# ACTIVITY
Look for the word "unfolding" in the entries below, then copy every line that has it.

# MATERIALS PROVIDED
*****

lemma rate_eq_0_iff_ln_Keq:
  assumes "kf j > 0" "kr j > 0"
  shows "rate S Z src tgt kf kr x j = 0 \<longleftrightarrow>
    ln (Keq kf kr j) = (\<Sum>s\<in>S. Z s (tgt j) * ln (x s)) - (\<Sum>s\<in>S. Z s (src j) * ln (x s))"
proof -
  define a where "a = (\<Sum>s\<in>S. Z s (src j) * ln (x s))"
  define b where "b = (\<Sum>s\<in>S. Z s (tgt j) * ln (x s))"
  have "rate S Z src tgt kf kr x j = 0 \<longleftrightarrow> kf j * exp a = kr j * exp b"
    unfolding rate_def a_def b_def by simp
  also have "\<dots> \<longleftrightarrow> ln (kf j) + a = ln (kr j) + b"
    using assms by (simp add: ln_inj_iff[symmetric] ln_mult)
  also have "\<dots> \<longleftrightarrow> ln (Keq kf kr j) = b - a"
    using assms unfolding Keq_def by (simp add: ln_div) linarith
  finally show ?thesis
    unfolding a_def b_def .
qed

definition Keq_log_eq ::
  "'c set \<Rightarrow> ('r \<Rightarrow> 'c) \<Rightarrow> ('r \<Rightarrow> 'c) \<Rightarrow> 'r set \<Rightarrow> ('s \<Rightarrow> 'c \<Rightarrow> real) \<Rightarrow> ('r \<Rightarrow> real) \<Rightarrow> ('r \<Rightarrow> real)
    \<Rightarrow> 's set \<Rightarrow> 's set \<Rightarrow> ('s \<Rightarrow> real) \<Rightarrow> ('s \<Rightarrow> real) \<Rightarrow> bool" where
  "Keq_log_eq C src tgt R Z kf kr A D u v \<longleftrightarrow>
     (\<forall>j\<in>R. ln (Keq kf kr j) = BtZt C src tgt A Z u j + BtZt C src tgt D Z v j)"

*****

# ANSWER TO THIS EXERCISE
    unfolding rate_def a_def b_def by simp
    using assms unfolding Keq_def by (simp add: ln_div) linarith
    unfolding a_def b_def .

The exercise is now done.